Molly pensó que sonaba, si no disgustado, al menos sorprendido.

–¿Creías que había estado llorando cada noche, Dimitri? –bromeó.

–Bueno, si no has estado llorando, ¿qué has estado haciendo por la noche? –preguntó–, ¿quieres que te diga lo que he hecho yo?

Molly se ruborizó, aunque se encontrase a miles de kilómetros.

–Calla.

–La otra noche soñé que recorría tu cuerpo con mis manos, y cuando me desperté…

Su voz se había convertido en un susurro sugestivo, y Molly supo lo que hacía, o lo que intentaba hacer.

–¡No voy a practicar sexo telefónico contigo si es lo que crees! –dijo escandalizada.

El tono de maestra de escuela que adoptó le cayó como un jarro de agua fría a Dimitri. ¿Acaso creía que Molly estaría dispuesta a decir guarrerías por teléfono?

–Dime, ¿qué te ha tenido tan ocupada? –preguntó mientras se pasaba la mano por el cuello.
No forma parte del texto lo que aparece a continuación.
(* Let $(\mathcal Q,d)$ be a separable Hadamard space, $Y$ a $\mathcal Q$-valued random variable, $o\in\mathcal Q$, and $\tau\in\mathcal S_0^+$ with $\mathbb E[\tau'(d(Y,o))]<\infty$. Assume the support of (the distribution of) $Y$ is convex. Then the $\tau$-Fréchet mean of $Y$, i.e. the minimizer of $q\mapsto\mathbb E[\tau(d(Y,q))-\tau(d(Y,o))]$, is unique.
   Context: A Hadamard space is a complete metric space $(\mathcal Q,d)$ such that for all $y_0,y_1$ there is $m$ with $\frac12 d(y_0,q)^2+\frac12 d(y_1,q)^2-\frac14 d(y_0,y_1)^2\ge d(q,m)^2$ for all $q$; any two distinct points are joined by a unique geodesic, and a set is convex if it contains the geodesic between any two of its points. The support of $Y$ is the smallest closed set $C$ with $\mathbb P(Y\in C)=1$. $\mathcal S_0^+$ is the set of nondecreasing convex $\tau:[0,\infty)\to\mathbb R$, differentiable on $(0,\infty)$ with concave derivative $\tau'$ (with $\tau'(0):=\lim_{x\searrow0}\tau'(x)$), such that $\tau(0)=0$ and $\tau'(x)>0$ for $x>0$. *)

theory Defs
  imports "HOL-Probability.Probability"
begin

text \<open>Hadamard space condition (completeness is imposed via the type class complete_space).\<close>
definition hadamard_space :: "'a::metric_space itself \<Rightarrow> bool" where
  "hadamard_space _ \<longleftrightarrow>
     (\<forall>y0 y1::'a. \<exists>m. \<forall>q.
        (1/2) * (dist y0 q)^2 + (1/2) * (dist y1 q)^2 - (1/4) * (dist y0 y1)^2 \<ge> (dist q m)^2)"

definition separable_space :: "'a::metric_space itself \<Rightarrow> bool" where
  "separable_space _ \<longleftrightarrow> (\<exists>D::'a set. countable D \<and> closure D = UNIV)"

definition geodesic_between :: "(real \<Rightarrow> 'a::metric_space) \<Rightarrow> 'a \<Rightarrow> 'a \<Rightarrow> bool" where
  "geodesic_between g x y \<longleftrightarrow> g 0 = x \<and> g 1 = y \<and>
     (\<forall>s\<in>{0..1}. \<forall>t\<in>{0..1}. dist (g s) (g t) = \<bar>s - t\<bar> * dist x y)"

definition geodesically_convex :: "'a::metric_space set \<Rightarrow> bool" where
  "geodesically_convex C \<longleftrightarrow>
     (\<forall>x\<in>C. \<forall>y\<in>C. \<forall>g. geodesic_between g x y \<longrightarrow> g ` {0..1} \<subseteq> C)"

text \<open>Support of a random variable Y: the intersection of all closed sets of full probability
  (the smallest closed set of full probability, in separable spaces).\<close>
definition rv_support :: "'b measure \<Rightarrow> ('b \<Rightarrow> 'a::metric_space) \<Rightarrow> 'a set" where
  "rv_support M Y = \<Inter>{C. closed C \<and> measure M {\<omega>\<in>space M. Y \<omega> \<in> C} = 1}"

definition tau_deriv :: "(real \<Rightarrow> real) \<Rightarrow> real \<Rightarrow> real" where
  "tau_deriv \<tau> x = (if x > 0 then deriv \<tau> x else Lim (at_right 0) (deriv \<tau>))"

definition S0plus :: "(real \<Rightarrow> real) set" where
  "S0plus = {\<tau>. mono_on {0..} \<tau> \<and> convex_on {0..} \<tau> \<and>
      (\<forall>x>0. \<tau> differentiable at x) \<and> concave_on {0<..} (deriv \<tau>) \<and>
      (\<exists>l. (deriv \<tau> \<longlongrightarrow> l) (at_right 0)) \<and>
      \<tau> 0 = 0 \<and> (\<forall>x>0. deriv \<tau> x > 0)}"

definition frechet_obj :: "'b measure \<Rightarrow> ('b \<Rightarrow> 'a::metric_space) \<Rightarrow> (real \<Rightarrow> real) \<Rightarrow> 'a \<Rightarrow> 'a \<Rightarrow> real" where
  "frechet_obj M Y \<tau> o' q = (\<integral>\<omega>. \<tau> (dist (Y \<omega>) q) - \<tau> (dist (Y \<omega>) o') \<partial>M)"

definition is_tau_frechet_mean :: "'b measure \<Rightarrow> ('b \<Rightarrow> 'a::metric_space) \<Rightarrow> (real \<Rightarrow> real) \<Rightarrow> 'a \<Rightarrow> 'a \<Rightarrow> bool" where
  "is_tau_frechet_mean M Y \<tau> o' m \<longleftrightarrow> (\<forall>q. frechet_obj M Y \<tau> o' m \<le> frechet_obj M Y \<tau> o' q)"

end

theory Submission
  imports Defs
begin

text \<open>
  Let \<open>m\<^sub>1 \<noteq> m\<^sub>2\<close> be two \<open>\<tau>\<close>-Frechet means and \<open>m\<close> the midpoint given by the Hadamard
  inequality. That inequality yields \<open>d(y,m) \<le> (d(y,m\<^sub>1) + d(y,m\<^sub>2))/2\<close>, strictly unless
  \<open>|d(y,m\<^sub>1) - d(y,m\<^sub>2)| = d(m\<^sub>1,m\<^sub>2)\<close>; since \<open>\<tau>\<close> is convex and strictly increasing, \<open>m\<close> is
  at least as good as \<open>m\<^sub>1\<close> and \<open>m\<^sub>2\<close>, and the comparison is strict unless almost surely
  \<open>Y\<close> lies in the closed set where \<open>|d(Y,m\<^sub>1) - d(Y,m\<^sub>2)| \<ge> d(m\<^sub>1,m\<^sub>2)\<close>. So the support lies
  in that set. Minimality of each \<open>m\<^sub>i\<close> forces the support to contain points strictly closer
  to \<open>m\<^sub>1\<close> and points strictly closer to \<open>m\<^sub>2\<close>. But the support is geodesically convex,
  hence connected (geodesics exist in complete midpoint spaces), so it also contains a point
  equidistant from \<open>m\<^sub>1\<close> and \<open>m\<^sub>2\<close>: a contradiction.
  Integrability of the objective comes from \<open>\<tau>'(2x) \<le> 3 \<tau>'(x)\<close>, a consequence of the
  concavity of \<open>\<tau>'\<close>.
\<close>

section \<open>Midpoints and geodesics\<close>

definition has_midpoints :: "'a::metric_space itself \<Rightarrow> bool" where
  "has_midpoints _ \<longleftrightarrow> (\<forall>x y::'a. \<exists>m. dist x m \<le> dist x y / 2 \<and> dist y m \<le> dist x y / 2)"

lemma hadamard_space_midpoint:
  fixes x0 x1 :: "'a::metric_space"
  assumes "hadamard_space TYPE('a)"
  obtains m where "\<And>y. dist y m \<le> (dist y x0 + dist y x1) / 2"
    and "\<And>y. \<bar>dist y x0 - dist y x1\<bar> < dist x0 x1 \<Longrightarrow> dist y m < (dist y x0 + dist y x1) / 2"
proof -
  obtain m where m: "\<And>q. (dist q m)\<^sup>2 \<le> (1/2) * (dist x0 q)\<^sup>2 + (1/2) * (dist x1 q)\<^sup>2 - (1/4) * (dist x0 x1)\<^sup>2"
    using assms unfolding hadamard_space_def by blast
  have sq: "(dist y m)\<^sup>2 \<le> ((dist y x0 + dist y x1) / 2)\<^sup>2 - ((dist x0 x1)\<^sup>2 - (dist y x0 - dist y x1)\<^sup>2) / 4"
    for y using m[of y] by (simp add: dist_commute power2_eq_square field_simps)
  have tri: "\<bar>dist y x0 - dist y x1\<bar> \<le> dist x0 x1" for y
    using dist_triangle[of x0 y x1] dist_triangle[of x1 y x0] by (simp add: dist_commute abs_le_iff)
  have le: "dist y m \<le> (dist y x0 + dist y x1) / 2" for y
  proof (rule power2_le_imp_le)
    have "(dist y x0 - dist y x1)\<^sup>2 \<le> (dist x0 x1)\<^sup>2"
      using tri[of y] by (metis abs_ge_zero power2_abs power_mono)
    then show "(dist y m)\<^sup>2 \<le> ((dist y x0 + dist y x1) / 2)\<^sup>2" using sq[of y] by argo
  qed simp
  have less: "dist y m < (dist y x0 + dist y x1) / 2"
    if "\<bar>dist y x0 - dist y x1\<bar> < dist x0 x1" for y
  proof (rule power_less_imp_less_base)
    have "(dist y x0 - dist y x1)\<^sup>2 < (dist x0 x1)\<^sup>2"
      using that by (metis abs_ge_zero power2_abs power_strict_mono zero_less_numeral)
    then show "(dist y m)\<^sup>2 < ((dist y x0 + dist y x1) / 2)\<^sup>2" using sq[of y] by argo
  qed simp
  show thesis by (rule that[OF le less])
qed

lemma hadamard_space_has_midpoints:
  assumes "hadamard_space TYPE('a::metric_space)"
  shows "has_midpoints TYPE('a)"
  unfolding has_midpoints_def
proof (intro allI)
  fix x y :: 'a
  obtain m where "\<And>z. dist z m \<le> (dist z x + dist z y) / 2"
    using hadamard_space_midpoint[OF assms] by metis
  from this[of x] this[of y] show "\<exists>m. dist x m \<le> dist x y / 2 \<and> dist y m \<le> dist x y / 2"
    by (auto simp: dist_commute)
qed

definition metric_midpoint :: "'a::metric_space \<Rightarrow> 'a \<Rightarrow> 'a" where
  "metric_midpoint x y = (SOME m. dist x m \<le> dist x y / 2 \<and> dist y m \<le> dist x y / 2)"

lemma metric_midpoint_dist:
  fixes x y :: "'a::metric_space"
  assumes "has_midpoints TYPE('a)"
  shows "dist x (metric_midpoint x y) \<le> dist x y / 2" "dist (metric_midpoint x y) y \<le> dist x y / 2"
proof -
  have "\<exists>m. dist x m \<le> dist x y / 2 \<and> dist y m \<le> dist x y / 2"
    using assms unfolding has_midpoints_def by blast
  from someI_ex[OF this] show "dist x (metric_midpoint x y) \<le> dist x y / 2"
    "dist (metric_midpoint x y) y \<le> dist x y / 2"
    unfolding metric_midpoint_def by (auto simp: dist_commute)
qed

text \<open>\<open>dyadic_point x y n k\<close> stands for the point with parameter \<open>k / 2\<^sup>n\<close> on a geodesic
  from \<open>x\<close> to \<open>y\<close>; refining \<open>n\<close> inserts midpoints between consecutive points.\<close>

fun dyadic_point :: "'a::metric_space \<Rightarrow> 'a \<Rightarrow> nat \<Rightarrow> nat \<Rightarrow> 'a" where
  "dyadic_point x y 0 k = (if k = 0 then x else y)"
| "dyadic_point x y (Suc n) k = (if even k then dyadic_point x y n (k div 2)
      else metric_midpoint (dyadic_point x y n (k div 2)) (dyadic_point x y n (k div 2 + 1)))"

lemma dyadic_point_refine: "dyadic_point x y (n + j) (k * 2^j) = dyadic_point x y n k"
  by (induction j) (auto simp: mult.assoc[symmetric])

lemma dyadic_point_dist_Suc:
  fixes x y :: "'a::metric_space"
  assumes H: "has_midpoints TYPE('a)"
  shows "k < 2^n \<Longrightarrow> dist (dyadic_point x y n k) (dyadic_point x y n (Suc k)) \<le> dist x y / 2^n"
proof (induction n arbitrary: k)
  case 0
  then show ?case by simp
next
  case (Suc n)
  define j where "j = k div 2"
  have j: "j < 2^n" using Suc.prems unfolding j_def by simp
  let ?p = "dyadic_point x y n j" and ?q = "dyadic_point x y n (Suc j)"
  have "dist (dyadic_point x y (Suc n) k) (dyadic_point x y (Suc n) (Suc k)) \<le> dist ?p ?q / 2"
  proof (cases "even k")
    case True
    then have "Suc k div 2 = j" unfolding j_def by presburger
    then show ?thesis using True metric_midpoint_dist(1)[OF H, of ?p ?q] by (simp add: j_def)
  next
    case False
    then have "Suc k div 2 = Suc j" unfolding j_def by presburger
    then show ?thesis using False metric_midpoint_dist(2)[OF H, of ?p ?q] by (simp add: j_def)
  qed
  also have "\<dots> \<le> dist x y / 2^Suc n" using Suc.IH[OF j] by simp
  finally show ?case .
qed

lemma dyadic_point_dist_le:
  fixes x y :: "'a::metric_space"
  assumes H: "has_midpoints TYPE('a)"
  shows "i \<le> j \<Longrightarrow> j \<le> 2^n \<Longrightarrow> dist (dyadic_point x y n i) (dyadic_point x y n j) \<le> real (j - i) * dist x y / 2^n"
proof (induction j)
  case 0
  then show ?case by simp
next
  case (Suc j)
  show ?case
  proof (cases "i = Suc j")
    case False
    then have ij: "i \<le> j" using Suc.prems by simp
    have "dist (dyadic_point x y n i) (dyadic_point x y n (Suc j))
        \<le> dist (dyadic_point x y n i) (dyadic_point x y n j) + dist (dyadic_point x y n j) (dyadic_point x y n (Suc j))"
      by (rule dist_triangle)
    also have "\<dots> \<le> real (j - i) * dist x y / 2^n + dist x y / 2^n"
      using Suc.IH[OF ij] Suc.prems dyadic_point_dist_Suc[OF H, of j n x y] by (intro add_mono) auto
    also have "\<dots> = real (Suc j - i) * dist x y / 2^n"
      using ij by (simp add: of_nat_diff Suc_diff_le field_simps)
    finally show ?thesis .
  qed simp
qed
–He pintado la sala de estar.

–Ah. ¿Algo más?

–Y hecho planes de viaje para mi próximo libro.

–¿En París?

–Correcto.

–¿Cuándo te vas?

–A finales de mes.

–¿Y estarías demasiado ocupada para verme? –preguntó él, tras hacer rápidos cálculos mentales.

A Molly la dio un vuelco el corazón pero se mantuvo calmada.

–No creía que esa fuera una opción.

–Siempre hay una opción –contestó–, ¿qué tal si nos encontramos allí?

–¿Dónde, en París?

–¿Por qué no?

Su corazón se aceleró.

–¿Así, sin más?, ¿puedes tomarte otras vacaciones nada más haber regresado?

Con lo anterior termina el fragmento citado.